# Random Forests for Regression

In this example, we will learn how to train a random forest regressor with **scikit-learn**. <br/>

#### Dataset: California Housing

As an example dataset we will use the California Housing dataset. The data contains information from the 1990 California census.  A description of this dataset can be found here: https://www.kaggle.com/datasets/camnugent/california-housing-prices

Fortunately, the dataset is already provided in scikit-learn. So, there is no need to fetch the data from Kaggle manually. See: https://scikit-learn.org/stable/modules/generated/sklearn.datasets.fetch_california_housing.html

In [1]:
# Import modules which are relevant for this project
from sklearn.datasets import fetch_california_housing
import numpy as np
from sklearn.ensemble import RandomForestRegressor
from sklearn.metrics import mean_absolute_error, mean_squared_error
from sklearn.model_selection import train_test_split
import seaborn as sns
import matplotlib.pyplot as plt

In [2]:
# To ensure reproducibility

RANDOM_STATE = 42

np.random.seed(RANDOM_STATE)

## Load the dataset

In [3]:
dataset = fetch_california_housing(as_frame=True)

In [4]:
housing_df = dataset['data']
target_df = dataset['target']

housing_df['HousePrice'] = target_df

## Prepare a training and testing set

Like we did in our linear regression example, we split the datasets into two parts. <br/>
80% of the data is used for training, and 20% is used for testing.

In [5]:
train_df, test_df = train_test_split(housing_df, test_size=0.2)

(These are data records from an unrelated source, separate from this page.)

(* Let $A,W\in\mathbb R^{d\times d}$ be symmetric positive definite and $c\in\mathbb R^d$; let $\mathcal X=\{x:\|x\|_A\le1\}$, $\Theta=\{\theta:\|\theta-c\|_W\le1\}$. Let $U$ be an orthogonal matrix with $A^{1/2}WA^{1/2}=U\Lambda U^\top$, $\Lambda=\mathrm{diag}(\lambda_1,\dots,\lambda_d)$, and let $b=U^\top A^{-1/2}c$. Let $F(y)=-\sum_{i=1}^d\sqrt{y_i}\,|b_i|-\sqrt{\sum_{i=1}^d\lambda_i^{-1}y_i}$ and consider the problem $P_C$: minimize $F(y)$ over $y\in\Delta_{d-1}$. Given $y\in\Delta_{d-1}$, define $u_i=\sqrt{y_i}\,\mathrm{sign}(b_i)$ for $i\in[d]$, $x=A^{-1/2}Uu$ and $\theta^\star=c+W^{-1}x/\|x\|_{W^{-1}}$. Then $(x,\theta^\star)\in\mathcal X\times\Theta$, and for any $\varepsilon>0$, $y$ is an $\varepsilon$-solution to $P_C$ if and only if $(x,\theta^\star)$ is an $\varepsilon$-solution to $P_B$.
   Context: $\|z\|_M=\sqrt{z^\top Mz}$. $\Delta_{d-1}=\{y\in\mathbb R^d:y_i\ge0,\sum_iy_i=1\}$. Convention $\mathrm{sign}(0)=1$. $P_B$: maximize $x^\top\theta$ over $(x,\theta)\in\mathcal X\times\Theta$. An $\varepsilon$-solution to $P_B$ is a pair $(x,\theta)\in\mathcal X\times\Theta$ with $x^\top\theta\ge\sup_{\mathcal X\times\Theta}x'^\top\theta'-\varepsilon$; an $\varepsilon$-solution to $P_C$ is $y\in\Delta_{d-1}$ with $F(y)\le\min_{\Delta_{d-1}}F+\varepsilon$. *)

theory Defs
  imports "HOL-Analysis.Analysis"
begin

definition Mnorm :: "real^'n^'n \<Rightarrow> real^'n \<Rightarrow> real" where
  "Mnorm M z = sqrt (z \<bullet> (M *v z))"

definition sym_pd :: "real^'n^'n \<Rightarrow> bool" where
  "sym_pd M \<longleftrightarrow> transpose M = M \<and> (\<forall>z. z \<noteq> 0 \<longrightarrow> z \<bullet> (M *v z) > 0)"

definition diagm :: "real^'n \<Rightarrow> real^'n^'n" where
  "diagm l = (\<chi> i j. if i = j then l $ i else 0)"

definition prob_simplex :: "(real^'n) set" where
  "prob_simplex = {y. (\<forall>i. y $ i \<ge> 0) \<and> sum (\<lambda>i. y $ i) UNIV = 1}"

definition sgn1 :: "real \<Rightarrow> real" where
  "sgn1 t = (if t \<ge> 0 then 1 else -1)"

definition eps_sol_B :: "(real^'n) set \<Rightarrow> (real^'n) set \<Rightarrow> real^'n \<Rightarrow> real^'n \<Rightarrow> real \<Rightarrow> bool" where
  "eps_sol_B X T x \<theta> \<epsilon> \<longleftrightarrow> x \<in> X \<and> \<theta> \<in> T \<and>
     x \<bullet> \<theta> \<ge> (SUP p\<in>X \<times> T. fst p \<bullet> snd p) - \<epsilon>"

definition eps_sol_C :: "(real^'n \<Rightarrow> real) \<Rightarrow> real^'n \<Rightarrow> real \<Rightarrow> bool" where
  "eps_sol_C F y \<epsilon> \<longleftrightarrow> y \<in> prob_simplex \<and> F y \<le> (INF y'\<in>prob_simplex. F y') + \<epsilon>"

end

theory Submission
  imports Defs
begin

(* The substitution x = S^-1 U v turns X into the unit ball in v, the linear term x.c into
   v.b and ||x||^2 in the norm of W^-1 into sum_i v_i^2 / lam_i.  For fixed x, Cauchy-Schwarz
   in the W-inner product shows that the maximum of x.theta over the ellipsoid Theta is
   x.c + ||x||_(W^-1), attained at theta_star.  So P_B amounts to maximising
   v.b + sqrt (sum_i v_i^2 / lam_i) over the unit ball.  With y_i = v_i^2 and the signs of v
   matched to those of b this value is -F(y), and any v in the ball is beaten by a point of
   the simplex with y_i >= v_i^2 (all lam_i are positive).  Hence sup P_B = - inf P_C, and
   since the objective values at y and at (x, theta_star) coincide, the two optimality gaps
   are equal. *)

lemma inner_matrix_vector_transpose:
  "((M::real^'n^'m) *v x) \<bullet> y = x \<bullet> (transpose M *v y)"
  by (metis dot_lmul_matrix inner_commute transpose_matrix_vector)

declare transpose_matrix_vector [simp del]

lemma matrix_vector_mul_right_inverse:
  assumes "M ** N = mat 1"
  shows "M *v (N *v w) = w"
  by (simp add: matrix_vector_mul_assoc assms)

lemma sym_pd_invertible:
  fixes M :: "real^'n^'n"
  assumes "sym_pd M"
  shows "invertible M"
proof -
  have "\<forall>x. M *v x = 0 \<longrightarrow> x = 0"
    using assms unfolding sym_pd_def by (metis inner_zero_right less_irrefl)
  then show ?thesis
    using matrix_left_invertible_ker invertible_left_inverse by blast
qed

lemma sym_pd_matrix_inv_mult:
  fixes M :: "real^'n^'n"
  assumes "sym_pd M"
  shows "M ** matrix_inv M = mat 1" "matrix_inv M ** M = mat 1"
proof -
  have "\<exists>M'. M ** M' = mat 1 \<and> M' ** M = mat 1"
    using sym_pd_invertible[OF assms] unfolding invertible_def by blast
  then have "M ** matrix_inv M = mat 1 \<and> matrix_inv M ** M = mat 1"
    unfolding matrix_inv_def by (rule someI_ex)
  then show "M ** matrix_inv M = mat 1" "matrix_inv M ** M = mat 1"
    by auto
qed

# Prepare training features 
x_train = train_df.loc[:, train_df.columns != 'HousePrice'].values
y_train = train_df['HousePrice'].values

# Prepare testing features 
x_test = test_df.loc[:, test_df.columns != 'HousePrice'].values
y_test = test_df['HousePrice'].values 

## Training a random forest regressor

We now train our first random forest regressor referred to as  `RandomForestRegressor` in Scikit.

In [6]:
# Create a random forest regressor
model = RandomForestRegressor()

In [7]:
# Fit the model
model.fit(x_train, y_train)

In [8]:
# Evaluate the performance of the regression model
y_pred_train = model.predict(x_train)
y_pred_test = model.predict(x_test)

rmse_test = mean_squared_error(y_test, y_pred_test, squared=False)
rmse_train = mean_squared_error(y_train, y_pred_train, squared=False)

print('Train RMSE:', rmse_train)
print('Test RMSE:', rmse_test)

Train RMSE: 0.18756381286355583
Test RMSE: 0.503395775621682


Nice, without finetuning of hyperparameters, your model achieves a lower RMSE (\\$50339) than the finetuned decision tree (\\$60154). This looks promising.